(* Let $(\mathfrak{g}_\sigma,\mathfrak{q})$ be a $CR$-algebra and let $Z\in\sigma(\mathfrak{q})\setminus\mathfrak{q}$ have finite Levi-order $k$. Let $(Z_1,\dots,Z_k)$ be a Levi-sequence for $Z$ of minimal length $k$. Then: (i) $Z_i\in\mathfrak{q}\setminus\sigma(\mathfrak{q})$ for $1\le i\le k$; (ii) if $k>1$, then $[Z,Z_i]\in(\mathfrak{q}+\sigma(\mathfrak{q}))\setminus\mathfrak{q}$ for every $i$; (iii) for every permutation $(i_1,\dots,i_k)$ of $(1,\dots,k)$, the sequence $(Z_{i_1},\dots,Z_{i_k})$ is again a Levi-sequence for $Z$.
   Context: $\mathfrak{g}$ is a finite-dimensional complex Lie algebra, $\sigma$ an anti-$\mathbb{C}$-linear involution of $\mathfrak{g}$, $\mathfrak{g}_\sigma$ its fixed point set (a real form of $\mathfrak{g}$). A $CR$-algebra is a pair $(\mathfrak{g}_\sigma,\mathfrak{q})$ with $\mathfrak{q}$ a complex Lie subalgebra of $\mathfrak{g}$. Higher order commutators are defined recursively by $[X_1,\dots,X_{h-1},X_h]=[[X_1,\dots,X_{h-1}],X_h]$. For $Z\in\sigma(\mathfrak{q})\setminus\mathfrak{q}$, a Levi-sequence for $Z$ is a finite sequence $(Z_1,\dots,Z_k)$ of elements of $\mathfrak{q}$ with $[Z,Z_1,\dots,Z_k]\notin\mathfrak{q}+\sigma(\mathfrak{q})$; $Z$ has finite Levi-order if it admits a Levi-sequence, and its Levi-order is the minimal length of its Levi-sequences. *)

theory Defs
  imports "HOL-Analysis.Analysis" "HOL-Combinatorics.Permutations"
begin

definition complex_lie_algebra ::
  "(complex \<Rightarrow> 'g::ab_group_add \<Rightarrow> 'g) \<Rightarrow> ('g \<Rightarrow> 'g \<Rightarrow> 'g) \<Rightarrow> bool" where
  "complex_lie_algebra sc br \<longleftrightarrow>
     (\<exists>B. finite_dimensional_vector_space sc B) \<and>
     (\<forall>x y z. br (x + y) z = br x z + br y z) \<and>
     (\<forall>x y z. br x (y + z) = br x y + br x z) \<and>
     (\<forall>c x y. br (sc c x) y = sc c (br x y)) \<and>
     (\<forall>c x y. br x (sc c y) = sc c (br x y)) \<and>
     (\<forall>x. br x x = 0) \<and>
     (\<forall>x y z. br x (br y z) + br y (br z x) + br z (br x y) = 0)"

definition anti_linear_involution ::
  "(complex \<Rightarrow> 'g::ab_group_add \<Rightarrow> 'g) \<Rightarrow> ('g \<Rightarrow> 'g \<Rightarrow> 'g) \<Rightarrow> ('g \<Rightarrow> 'g) \<Rightarrow> bool" where
  "anti_linear_involution sc br \<sigma> \<longleftrightarrow>
     (\<forall>x y. \<sigma> (x + y) = \<sigma> x + \<sigma> y) \<and>
     (\<forall>c x. \<sigma> (sc c x) = sc (cnj c) (\<sigma> x)) \<and>
     (\<forall>x. \<sigma> (\<sigma> x) = x) \<and>
     (\<forall>x y. \<sigma> (br x y) = br (\<sigma> x) (\<sigma> y))"

definition lie_subalgebra ::
  "(complex \<Rightarrow> 'g::ab_group_add \<Rightarrow> 'g) \<Rightarrow> ('g \<Rightarrow> 'g \<Rightarrow> 'g) \<Rightarrow> 'g set \<Rightarrow> bool" where
  "lie_subalgebra sc br q \<longleftrightarrow>
     module.subspace sc q \<and> (\<forall>x\<in>q. \<forall>y\<in>q. br x y \<in> q)"

definition iter_comm :: "('g \<Rightarrow> 'g \<Rightarrow> 'g) \<Rightarrow> 'g \<Rightarrow> 'g list \<Rightarrow> 'g" where
  "iter_comm br Z zs = foldl br Z zs"

definition q_plus_sq :: "('g::ab_group_add \<Rightarrow> 'g) \<Rightarrow> 'g set \<Rightarrow> 'g set" where
  "q_plus_sq \<sigma> q = {a + b | a b. a \<in> q \<and> b \<in> \<sigma> ` q}"
(* Let $H \in \mathrm{Herm}(\mathcal{H})$, $\mathcal{A}$ an ancillary Hilbert space and $H' \in \mathrm{Herm}(\mathcal{H}\otimes\mathcal{A})$. Suppose $(H',\mathcal{A})$ is an $(\eta,\epsilon)$-gadget for $H$ with $U$, $P$ and $P' = U(\mathbb{I}\otimes P)U^\dagger$ as in the definition, where $U$ is the direct rotation between $\mathbb{I}\otimes P$ and $P'$. Assume $\|H'\| \le J'$ and $\|(\mathbb{I}\otimes P)H'(\mathbb{I}\otimes P^\perp)\| \le J_O'$. Then $$\|(\mathbb{I}\otimes P)H'(\mathbb{I}\otimes P)\| \le \|H\| + O(\epsilon + \eta J_O' + \eta^2 J').$$
   Context: $\|\cdot\|$ is the operator norm, $P^\perp = \mathbb{I} - P$. $(H',\mathcal{A})$ is an $(\eta,\epsilon)$-gadget for $H$ if there exist an orthogonal projector $P\neq 0$ on $\mathcal{A}$ and a unitary $U$ on $\mathcal{H}\otimes\mathcal{A}$ with $\|U - \mathbb{I}\| \le \eta$ and $\|P'H'P' - U(H\otimes P)U^\dagger\| \le \epsilon$, where $P' = U(\mathbb{I}\otimes P)U^\dagger$. Direct rotation: for orthogonal projectors $P_1, P_2$ of equal rank with $\|P_1 - P_2\| < 1$, let $R_1 = \mathbb{I} - 2P_1$, $R_2 = \mathbb{I} - 2P_2$; the direct rotation from $P_1$ to $P_2$ is $\sqrt{R_2R_1}$, with the square root taken with branch cut along the negative real axis and $\sqrt{1} = 1$. *)

theory Defs
  imports "Jordan_Normal_Form.Char_Poly" "Jordan_Normal_Form.DL_Rank"
begin

definition vnorm :: "complex vec \<Rightarrow> real" where
  "vnorm v = sqrt (\<Sum>i<dim_vec v. (cmod (v $ i))^2)"

definition opnorm :: "complex mat \<Rightarrow> real" where
  "opnorm A = Sup {vnorm (A *\<^sub>v v) | v. v \<in> carrier_vec (dim_col A) \<and> vnorm v \<le> 1}"

definition adj :: "complex mat \<Rightarrow> complex mat" where
  "adj A = mat (dim_col A) (dim_row A) (\<lambda>(i,j). cnj (A $$ (j,i)))"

▸ EXERCISE DESCRIPTION: Copy out the records in full, matching every line character for character.

▸ RESPONSE BOX:
(* Let $(\mathfrak{g}_\sigma,\mathfrak{q})$ be a $CR$-algebra and let $Z\in\sigma(\mathfrak{q})\setminus\mathfrak{q}$ have finite Levi-order $k$. Let $(Z_1,\dots,Z_k)$ be a Levi-sequence for $Z$ of minimal length $k$. Then: (i) $Z_i\in\mathfrak{q}\setminus\sigma(\mathfrak{q})$ for $1\le i\le k$; (ii) if $k>1$, then $[Z,Z_i]\in(\mathfrak{q}+\sigma(\mathfrak{q}))\setminus\mathfrak{q}$ for every $i$; (iii) for every permutation $(i_1,\dots,i_k)$ of $(1,\dots,k)$, the sequence $(Z_{i_1},\dots,Z_{i_k})$ is again a Levi-sequence for $Z$.
   Context: $\mathfrak{g}$ is a finite-dimensional complex Lie algebra, $\sigma$ an anti-$\mathbb{C}$-linear involution of $\mathfrak{g}$, $\mathfrak{g}_\sigma$ its fixed point set (a real form of $\mathfrak{g}$). A $CR$-algebra is a pair $(\mathfrak{g}_\sigma,\mathfrak{q})$ with $\mathfrak{q}$ a complex Lie subalgebra of $\mathfrak{g}$. Higher order commutators are defined recursively by $[X_1,\dots,X_{h-1},X_h]=[[X_1,\dots,X_{h-1}],X_h]$. For $Z\in\sigma(\mathfrak{q})\setminus\mathfrak{q}$, a Levi-sequence for $Z$ is a finite sequence $(Z_1,\dots,Z_k)$ of elements of $\mathfrak{q}$ with $[Z,Z_1,\dots,Z_k]\notin\mathfrak{q}+\sigma(\mathfrak{q})$; $Z$ has finite Levi-order if it admits a Levi-sequence, and its Levi-order is the minimal length of its Levi-sequences. *)

theory Defs
  imports "HOL-Analysis.Analysis" "HOL-Combinatorics.Permutations"
begin

definition complex_lie_algebra ::
  "(complex \<Rightarrow> 'g::ab_group_add \<Rightarrow> 'g) \<Rightarrow> ('g \<Rightarrow> 'g \<Rightarrow> 'g) \<Rightarrow> bool" where
  "complex_lie_algebra sc br \<longleftrightarrow>
     (\<exists>B. finite_dimensional_vector_space sc B) \<and>
     (\<forall>x y z. br (x + y) z = br x z + br y z) \<and>
     (\<forall>x y z. br x (y + z) = br x y + br x z) \<and>
     (\<forall>c x y. br (sc c x) y = sc c (br x y)) \<and>
     (\<forall>c x y. br x (sc c y) = sc c (br x y)) \<and>
     (\<forall>x. br x x = 0) \<and>
     (\<forall>x y z. br x (br y z) + br y (br z x) + br z (br x y) = 0)"

definition anti_linear_involution ::
  "(complex \<Rightarrow> 'g::ab_group_add \<Rightarrow> 'g) \<Rightarrow> ('g \<Rightarrow> 'g \<Rightarrow> 'g) \<Rightarrow> ('g \<Rightarrow> 'g) \<Rightarrow> bool" where
  "anti_linear_involution sc br \<sigma> \<longleftrightarrow>
     (\<forall>x y. \<sigma> (x + y) = \<sigma> x + \<sigma> y) \<and>
     (\<forall>c x. \<sigma> (sc c x) = sc (cnj c) (\<sigma> x)) \<and>
     (\<forall>x. \<sigma> (\<sigma> x) = x) \<and>
     (\<forall>x y. \<sigma> (br x y) = br (\<sigma> x) (\<sigma> y))"

definition lie_subalgebra ::
  "(complex \<Rightarrow> 'g::ab_group_add \<Rightarrow> 'g) \<Rightarrow> ('g \<Rightarrow> 'g \<Rightarrow> 'g) \<Rightarrow> 'g set \<Rightarrow> bool" where
  "lie_subalgebra sc br q \<longleftrightarrow>
     module.subspace sc q \<and> (\<forall>x\<in>q. \<forall>y\<in>q. br x y \<in> q)"

definition iter_comm :: "('g \<Rightarrow> 'g \<Rightarrow> 'g) \<Rightarrow> 'g \<Rightarrow> 'g list \<Rightarrow> 'g" where
  "iter_comm br Z zs = foldl br Z zs"

definition q_plus_sq :: "('g::ab_group_add \<Rightarrow> 'g) \<Rightarrow> 'g set \<Rightarrow> 'g set" where
  "q_plus_sq \<sigma> q = {a + b | a b. a \<in> q \<and> b \<in> \<sigma> ` q}"
(* Let $H \in \mathrm{Herm}(\mathcal{H})$, $\mathcal{A}$ an ancillary Hilbert space and $H' \in \mathrm{Herm}(\mathcal{H}\otimes\mathcal{A})$. Suppose $(H',\mathcal{A})$ is an $(\eta,\epsilon)$-gadget for $H$ with $U$, $P$ and $P' = U(\mathbb{I}\otimes P)U^\dagger$ as in the definition, where $U$ is the direct rotation between $\mathbb{I}\otimes P$ and $P'$. Assume $\|H'\| \le J'$ and $\|(\mathbb{I}\otimes P)H'(\mathbb{I}\otimes P^\perp)\| \le J_O'$. Then $$\|(\mathbb{I}\otimes P)H'(\mathbb{I}\otimes P)\| \le \|H\| + O(\epsilon + \eta J_O' + \eta^2 J').$$
   Context: $\|\cdot\|$ is the operator norm, $P^\perp = \mathbb{I} - P$. $(H',\mathcal{A})$ is an $(\eta,\epsilon)$-gadget for $H$ if there exist an orthogonal projector $P\neq 0$ on $\mathcal{A}$ and a unitary $U$ on $\mathcal{H}\otimes\mathcal{A}$ with $\|U - \mathbb{I}\| \le \eta$ and $\|P'H'P' - U(H\otimes P)U^\dagger\| \le \epsilon$, where $P' = U(\mathbb{I}\otimes P)U^\dagger$. Direct rotation: for orthogonal projectors $P_1, P_2$ of equal rank with $\|P_1 - P_2\| < 1$, let $R_1 = \mathbb{I} - 2P_1$, $R_2 = \mathbb{I} - 2P_2$; the direct rotation from $P_1$ to $P_2$ is $\sqrt{R_2R_1}$, with the square root taken with branch cut along the negative real axis and $\sqrt{1} = 1$. *)

theory Defs
  imports "Jordan_Normal_Form.Char_Poly" "Jordan_Normal_Form.DL_Rank"
begin

definition vnorm :: "complex vec \<Rightarrow> real" where
  "vnorm v = sqrt (\<Sum>i<dim_vec v. (cmod (v $ i))^2)"

definition opnorm :: "complex mat \<Rightarrow> real" where
  "opnorm A = Sup {vnorm (A *\<^sub>v v) | v. v \<in> carrier_vec (dim_col A) \<and> vnorm v \<le> 1}"

definition adj :: "complex mat \<Rightarrow> complex mat" where
  "adj A = mat (dim_col A) (dim_row A) (\<lambda>(i,j). cnj (A $$ (j,i)))"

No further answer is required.